American Jews must ask themselves which vision they wish to embrace—Theodor Herzl’s goal of gathering the Jews of the world into a tribal enclave in the Middle East, or Isaac Mayer Wise’s vision of Judaism as a light unto the nations and Jews as equal citizens in free, open, multi-religious societies. Many, it seems, wish to have it both ways. They wish to live as free Americans, and use that freedom to promote the tribal interests of an Israeli state which openly proclaims that they are in “exile” in America and that the highest goal of Jews should be emigration to Israel.

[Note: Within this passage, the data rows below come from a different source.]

lemma perm_weight_split_cols:
  assumes p: "is_partition lam" and s: "\<sigma> \<in> col_perms lam"
  shows "perm_weight lam q \<sigma> = (\<Prod>j\<in>cols lam. \<Prod>i\<in>{1..conj_part lam j}. box_weight q \<sigma> (i, j))"
proof -
  have inj: "inj_on (\<lambda>(j, i). (i, j)) (Sigma (cols lam) (\<lambda>j. {1..conj_part lam j}))"
    by (rule inj_onI) auto
  have "perm_weight lam q \<sigma> = (\<Prod>b\<in>boxes lam. box_weight q \<sigma> b)" using perm_weight_eq_prod[OF s] .
  also have "\<dots> = (\<Prod>(j, i)\<in>Sigma (cols lam) (\<lambda>j. {1..conj_part lam j}). box_weight q \<sigma> (i, j))"
    unfolding boxes_by_columns[OF p] prod.reindex[OF inj] by (simp add: case_prod_beta o_def)
  also have "\<dots> = (\<Prod>j\<in>cols lam. \<Prod>i\<in>{1..conj_part lam j}. box_weight q \<sigma> (i, j))"
    by (rule prod.Sigma[symmetric]) auto
  finally show ?thesis .
qed

lemma perm_weight_col:
  assumes s: "\<tau> \<in> col_perms (replicate m 1)"
  shows "perm_weight (replicate m 1) q \<tau> = (\<Prod>i\<in>{1..m}. box_weight q \<tau> (i, 1))"
proof -
  have inj: "inj_on (\<lambda>i. (i, 1::nat)) {1..m}" by (rule inj_onI) auto
  show ?thesis using perm_weight_eq_prod[OF s] unfolding boxes_col col_boxes_def prod.reindex[OF inj] by (simp add: o_def)
qed
text \<open>A map \<open>f : [n] \<rightarrow> [q]\<close> is determined by its composites with the vertices
  \<open>[0] \<rightarrow> [n]\<close>, which the unit retains; this gives injectivity.  For \<open>n \<le> 1\<close> the identity
  of \<open>[n]\<close> lies in the truncation, so by the Yoneda argument every element of the coskeleton
  is the unit of its value at the identity.  For \<open>n \<ge> 2\<close> and \<open>q \<le> 1\<close> the coskeleton is
  empty: there is no morphism \<open>[1] \<rightarrow> [0]\<close>, and every morphism \<open>[1] \<rightarrow> [1]\<close> fixes both
  endpoints, whereas the edges \<open>x \<mapsto> x0z\<close> and \<open>x \<mapsto> 1xz\<close> of \<open>[n]\<close> meet at \<open>10z\<close>, so
  naturality would force the end of one image edge, \<open>1\<close>, to equal the start of the other, \<open>0\<close>.\<close>

definition vertex :: "bool list \<Rightarrow> bool list \<Rightarrow> bool list" where
  "vertex x = (\<lambda>_\<in>cube 0. x)"

lemma compose_restrict_id_left: "g \<in> X \<rightarrow>\<^sub>E Y \<Longrightarrow> compose X (restrict id Y) g = g"
  by (rule ext) (auto simp: compose_def PiE_def extensional_def)

lemma cube_0: "cube 0 = {[]}"
  by (auto simp: cube_def)

lemma cube_1: "cube 1 = {[False], [True]}"
  by (auto simp: cube_def length_Suc_conv)

lemma cube_less_False_True: "cube_less [False] [True]"
  by (simp add: cube_less_def cube_le_def)

lemma strictly_increasing_from_cube_1:
  assumes "strictly_increasing 1 f"
  shows "cube_less (f [False]) (f [True])"
  using assms cube_less_False_True unfolding strictly_increasing_def cube_1 by blast

lemma not_strictly_increasing_cube_1_cube_0:
  assumes "strictly_increasing 1 f" and "f \<in> cube 1 \<rightarrow> cube 0"
  shows False
proof -
  have "f [False] = []" "f [True] = []"
    using assms(2) unfolding cube_0 cube_1 by blast+
  with strictly_increasing_from_cube_1[OF assms(1)] show False
    by (simp add: cube_less_def)
qed

lemma strictly_increasing_cube_1_cube_1:
  assumes "strictly_increasing 1 f" and "f \<in> cube 1 \<rightarrow> cube 1"
  shows "f [False] = [False] \<and> f [True] = [True]"
proof -
  have "f [False] \<in> {[False], [True]}" "f [True] \<in> {[False], [True]}"
    using assms(2) unfolding cube_1 by blast+
  with strictly_increasing_from_cube_1[OF assms(1)] show ?thesis
    by (auto simp: cube_less_def cube_le_def)
qed

locale cube_category =
  fixes A :: "nat \<Rightarrow> nat \<Rightarrow> (bool list \<Rightarrow> bool list) set"
  assumes category_of_cubes: "category_of_cubes A"
begin

lemma morphism_PiE: "f \<in> A m n \<Longrightarrow> f \<in> cube m \<rightarrow>\<^sub>E cube n"
  using category_of_cubes unfolding category_of_cubes_def by (meson subsetD)

lemma id_morphism: "restrict id (cube n) \<in> A n n"
  using category_of_cubes by (simp add: category_of_cubes_def)

lemma compose_morphism: "f \<in> A l m \<Longrightarrow> g \<in> A m n \<Longrightarrow> compose (cube l) g f \<in> A l n"
  using category_of_cubes by (simp add: category_of_cubes_def)

lemma face_morphism: "i \<le> n \<Longrightarrow> face n i a \<in> A n (Suc n)"
  using category_of_cubes by (simp add: category_of_cubes_def)

lemma morphism_strictly_increasing: "f \<in> A m n \<Longrightarrow> strictly_increasing m f"
  using category_of_cubes by (simp add: category_of_cubes_def adjacency_preserving_def)

lemma append_morphism: "(\<lambda>x\<in>cube k. x @ post) \<in> A k (k + length post)"
proof (induction post rule: rev_induct)
  case Nil
  have "(\<lambda>x\<in>cube k. x @ []) = restrict id (cube k)" by auto
  then show ?case using id_morphism[where n=k] by (simp only: list.size add_0_right)
next
  case (snoc a post)
  define m where "m = k + length post"
  have "compose (cube k) (face m m a) (\<lambda>x\<in>cube k. x @ post) = (\<lambda>x\<in>cube k. x @ post @ [a])"
    by (rule ext) (auto simp: compose_def face_def cube_def m_def)
  moreover have "compose (cube k) (face m m a) (\<lambda>x\<in>cube k. x @ post) \<in> A k (Suc m)"
    by (rule compose_morphism[OF snoc[folded m_def] face_morphism[of m m a]]) simp
  ultimately have "(\<lambda>x\<in>cube k. x @ post @ [a]) \<in> A k (Suc m)" by metis
  then show ?case by (simp only: append_assoc length_append_singleton add_Suc_right m_def)
qed

lemma pad_morphism: "(\<lambda>x\<in>cube k. pre @ x @ post) \<in> A k (length pre + k + length post)"
proof (induction pre)
  case Nil
  then show ?case using append_morphism[where k=k and post=post]
    by (simp only: append_Nil add_0 list.size(3))
next
  case (Cons a pre)
  define m where "m = length pre + k + length post"
  have "compose (cube k) (face m 0 a) (\<lambda>x\<in>cube k. pre @ x @ post)
      = (\<lambda>x\<in>cube k. (a # pre) @ x @ post)"
    by (rule ext) (auto simp: compose_def face_def cube_def m_def)
  moreover have "compose (cube k) (face m 0 a) (\<lambda>x\<in>cube k. pre @ x @ post) \<in> A k (Suc m)"
    by (rule compose_morphism[OF Cons[folded m_def] face_morphism[of 0 m a]]) simp
  moreover have "Suc m = length (a # pre) + k + length post" by (simp add: m_def)
  ultimately show ?case by metis
qed

lemma vertex_morphism:
  assumes "x \<in> cube n"
  shows "vertex x \<in> A 0 n"
proof -
  have "(\<lambda>y\<in>cube 0. x @ y @ []) = vertex x"
    by (rule ext) (auto simp: vertex_def cube_def)
  with pad_morphism[where pre=x and k=0 and post="[]"] assms show ?thesis by (simp add: cube_def)
qed

lemma vertex_apply: "vertex x [] = x"
  by (simp add: vertex_def cube_def)

lemma compose_vertex: "compose (cube 0) g (vertex x) = vertex (g x)"
  by (rule ext) (simp add: compose_def vertex_def)

lemma no_morphism_1_0: "A 1 0 = {}"
  using morphism_strictly_increasing morphism_PiE not_strictly_increasing_cube_1_cube_0 by blast

lemma morphism_1_1_fixes_endpoints:
  "h \<in> A 1 1 \<Longrightarrow> h [False] = [False] \<and> h [True] = [True]"
  using morphism_strictly_increasing morphism_PiE strictly_increasing_cube_1_cube_1 by blast

lemma cosk1_repD:
  assumes "\<phi> \<in> cosk1_rep A q n"
  shows cosk1_rep_PiE: "\<phi> \<in> (\<Pi>\<^sub>E k\<in>{0,1}. A k n \<rightarrow>\<^sub>E A k q)"
    and cosk1_rep_natural: "\<And>j k h g. j \<in> {0,1} \<Longrightarrow> k \<in> {0,1} \<Longrightarrow> h \<in> A j k \<Longrightarrow> g \<in> A k n
      \<Longrightarrow> \<phi> j (compose (cube j) g h) = compose (cube j) (\<phi> k g) h"
  using assms unfolding cosk1_rep_def by auto

lemma cosk1_rep_morphism:
  assumes "\<phi> \<in> cosk1_rep A q n" and "k \<in> {0,1}" and "g \<in> A k n"
  shows "\<phi> k g \<in> A k q"
  using PiE_mem[OF PiE_mem[OF cosk1_rep_PiE[OF assms(1)] assms(2)] assms(3)] .

lemma cosk1_rep_edge_at_vertex:
  assumes \<phi>: "\<phi> \<in> cosk1_rep A q n" and g: "g \<in> A 1 n" and v: "v \<in> cube 1"
  shows "\<phi> 1 g v = \<phi> 0 (vertex (g v)) []"
proof -
  have "\<phi> 0 (vertex (g v)) = compose (cube 0) (\<phi> 1 g) (vertex v)"
    using cosk1_rep_natural[OF \<phi> _ _ vertex_morphism[OF v] g] by (simp add: compose_vertex)
  then show ?thesis by (simp add: compose_def vertex_def cube_0)
qed

lemma cosk1_unit_in_cosk1_rep:
  assumes f: "f \<in> A n q"
  shows "cosk1_unit A q n f \<in> cosk1_rep A q n"
  unfolding cosk1_rep_def
proof (intro CollectI conjI ballI)
  show "cosk1_unit A q n f \<in> (\<Pi>\<^sub>E k\<in>{0,1}. A k n \<rightarrow>\<^sub>E A k q)"
    unfolding cosk1_unit_def using compose_morphism[OF _ f] by auto
next
  fix j k h g assume "j \<in> {0,1::nat}" "k \<in> {0,1::nat}" and h: "h \<in> A j k" and g: "g \<in> A k n"
  moreover have "h \<in> cube j \<rightarrow> cube k" using morphism_PiE[OF h] by blast
  ultimately show "cosk1_unit A q n f j (compose (cube j) g h) =
      compose (cube j) (cosk1_unit A q n f k g) h"
    using compose_morphism[OF h g] compose_assoc[of h "cube j" "cube k" f g]
    by (simp add: cosk1_unit_def)
qed

lemma inj_on_cosk1_unit: "inj_on (cosk1_unit A q n) (A n q)"
proof (rule inj_onI)
  fix f f' assume f: "f \<in> A n q" and f': "f' \<in> A n q"
    and eq: "cosk1_unit A q n f = cosk1_unit A q n f'"
  show "f = f'"
  proof (rule extensionalityI)
    show "f \<in> extensional (cube n)" "f' \<in> extensional (cube n)"
      using morphism_PiE[OF f] morphism_PiE[OF f'] by (auto simp: PiE_def)
  next
    fix x assume x: "x \<in> cube n"
    have "cosk1_unit A q n f 0 (vertex x) = cosk1_unit A q n f' 0 (vertex x)"
      using eq by simp
    then have "vertex (f x) = vertex (f' x)"
      using vertex_morphism[OF x] by (simp add: cosk1_unit_def compose_vertex)
    then show "f x = f' x" by (metis vertex_apply)
  qed
qed

lemma cosk1_rep_eq_cosk1_unit_of_id:
  assumes n: "n \<le> 1" and \<phi>: "\<phi> \<in> cosk1_rep A q n"
  shows "\<phi> = cosk1_unit A q n (\<phi> n (restrict id (cube n)))"
proof (rule ext, rule ext)
  fix k g
  have n01: "n \<in> {0,1}" using n by auto
  show "\<phi> k g = cosk1_unit A q n (\<phi> n (restrict id (cube n))) k g"
  proof (cases "k \<in> {0,1} \<and> g \<in> A k n")
    case False
    then show ?thesis
      using cosk1_rep_PiE[OF \<phi>] by (auto simp: cosk1_unit_def PiE_def extensional_def)
  next
    case True
    then have k: "k \<in> {0,1}" and g: "g \<in> A k n" by auto
    have "\<phi> k g = \<phi> k (compose (cube k) (restrict id (cube n)) g)"
      using compose_restrict_id_left[OF morphism_PiE[OF g]] by simp
    also have "\<dots> = compose (cube k) (\<phi> n (restrict id (cube n))) g"
      by (rule cosk1_rep_natural[OF \<phi> k n01 g id_morphism])
    finally show ?thesis using k g by (simp add: cosk1_unit_def)
  qed
qed

lemma cosk1_rep_subset_cosk1_unit_image:
  assumes "n \<le> 1"
  shows "cosk1_rep A q n \<subseteq> cosk1_unit A q n ` A n q"
proof
  fix \<phi> assume \<phi>: "\<phi> \<in> cosk1_rep A q n"
  have "\<phi> n (restrict id (cube n)) \<in> A n q"
    using assms by (intro cosk1_rep_morphism[OF \<phi>] id_morphism) auto
  with cosk1_rep_eq_cosk1_unit_of_id[OF assms \<phi>] show "\<phi> \<in> cosk1_unit A q n ` A n q"
    by blast
qed

lemma cosk1_rep_0_empty:
  assumes "n \<ge> 1"
  shows "cosk1_rep A 0 n = {}"
proof -
  have "(\<lambda>x\<in>cube 1. x @ replicate (n - 1) False) \<in> A 1 n"
    using append_morphism[where k=1 and post="replicate (n - 1) False"] assms by simp
  then show ?thesis
    using cosk1_rep_morphism[of _ 0 n 1] no_morphism_1_0 by blast
qed

lemma cosk1_rep_1_empty:
  assumes "n \<ge> 2"
  shows "cosk1_rep A 1 n = {}"
proof (rule ccontr)
  assume "cosk1_rep A 1 n \<noteq> {}"
  then obtain \<phi> where \<phi>: "\<phi> \<in> cosk1_rep A 1 n" by blast
  define zs where "zs = replicate (n - 2) False"
  define g1 where "g1 = (\<lambda>x\<in>cube 1. x @ False # zs)"
  define g2 where "g2 = (\<lambda>x\<in>cube 1. True # x @ zs)"
  have g1: "g1 \<in> A 1 n" and g2: "g2 \<in> A 1 n"
    using pad_morphism[where pre="[]" and k=1 and post="False # zs"]
      pad_morphism[where pre="[True]" and k=1 and post=zs] assms
    unfolding g1_def g2_def zs_def by (simp_all add: Suc_diff_Suc numeral_2_eq_2)
  have T: "[True] \<in> cube 1" and F: "[False] \<in> cube 1" by (simp_all add: cube_def)
  have "g1 [True] = g2 [False]" by (simp add: g1_def g2_def cube_def)
  then have "\<phi> 1 g1 [True] = \<phi> 1 g2 [False]"
    using cosk1_rep_edge_at_vertex[OF \<phi> g1 T] cosk1_rep_edge_at_vertex[OF \<phi> g2 F] by simp
  moreover have "\<phi> 1 g1 [True] = [True]" "\<phi> 1 g2 [False] = [False]"
    using morphism_1_1_fixes_endpoints cosk1_rep_morphism[OF \<phi> _ g1] cosk1_rep_morphism[OF \<phi> _ g2]
    by simp_all
  ultimately show False by simp
qed

end

theorem proposition7p2:
  assumes "category_of_cubes A"
  shows "(\<forall>q n. cosk1_unit A q n ` A n q \<subseteq> cosk1_rep A q n
              \<and> inj_on (cosk1_unit A q n) (A n q))
         \<and> (\<forall>q n. q \<le> 1 \<longrightarrow> cosk1_unit A q n ` A n q = cosk1_rep A q n)"
proof -
  interpret cube_category A using assms by unfold_locales
  have unit_into: "cosk1_unit A q n ` A n q \<subseteq> cosk1_rep A q n" for q n
    using cosk1_unit_in_cosk1_rep by blast
  have "cosk1_rep A q n \<subseteq> cosk1_unit A q n ` A n q" if "q \<le> 1" for q n
  proof (cases "n \<le> 1")
    case True
    then show ?thesis by (rule cosk1_rep_subset_cosk1_unit_image)
  next
    case False
    with that have "cosk1_rep A q n = {}"
      using cosk1_rep_0_empty cosk1_rep_1_empty by (cases q) auto
    then show ?thesis by simp
  qed
  with unit_into inj_on_cosk1_unit show ?thesis by blast
qed

end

For those for whom America is not enough, emigration to Israel is indeed a legitimate option. It is wrong, however, to use religious institutions in the United States to alienate young people from their own country and to insist that their genuine “homeland” is elsewhere. The original Jewish reformers wanted to live as free and equal citizens in a society to which they gave their allegiance—not only their political allegiance, but their emotional allegiance as well. They were genuinely “at home,” as many contemporary Jewish spokesmen seem not to be. As the organized Jewish community celebrates the 350th anniversary of permanent Jewish settlement in America it should ponder the title the Library of Congress has given to its forthcoming exhibition: “From Haven To Home: Three Hundred and Fifty Years of Jewish History in America.”

Considering Theodor Herzl’s vision in contrast to that of Isaac Mayer Wise and the early reformers would be a worthy enterprise for those in the contemporary Jewish community. Such a consideration is long overdue.

Allan C. Brownfeld is a syndicated columnist and associate editor of the Lincoln Review, a journal published by the Lincoln Institute for Research and Education, and editor of Issues, the quarterly journal of the American Council for Judaism.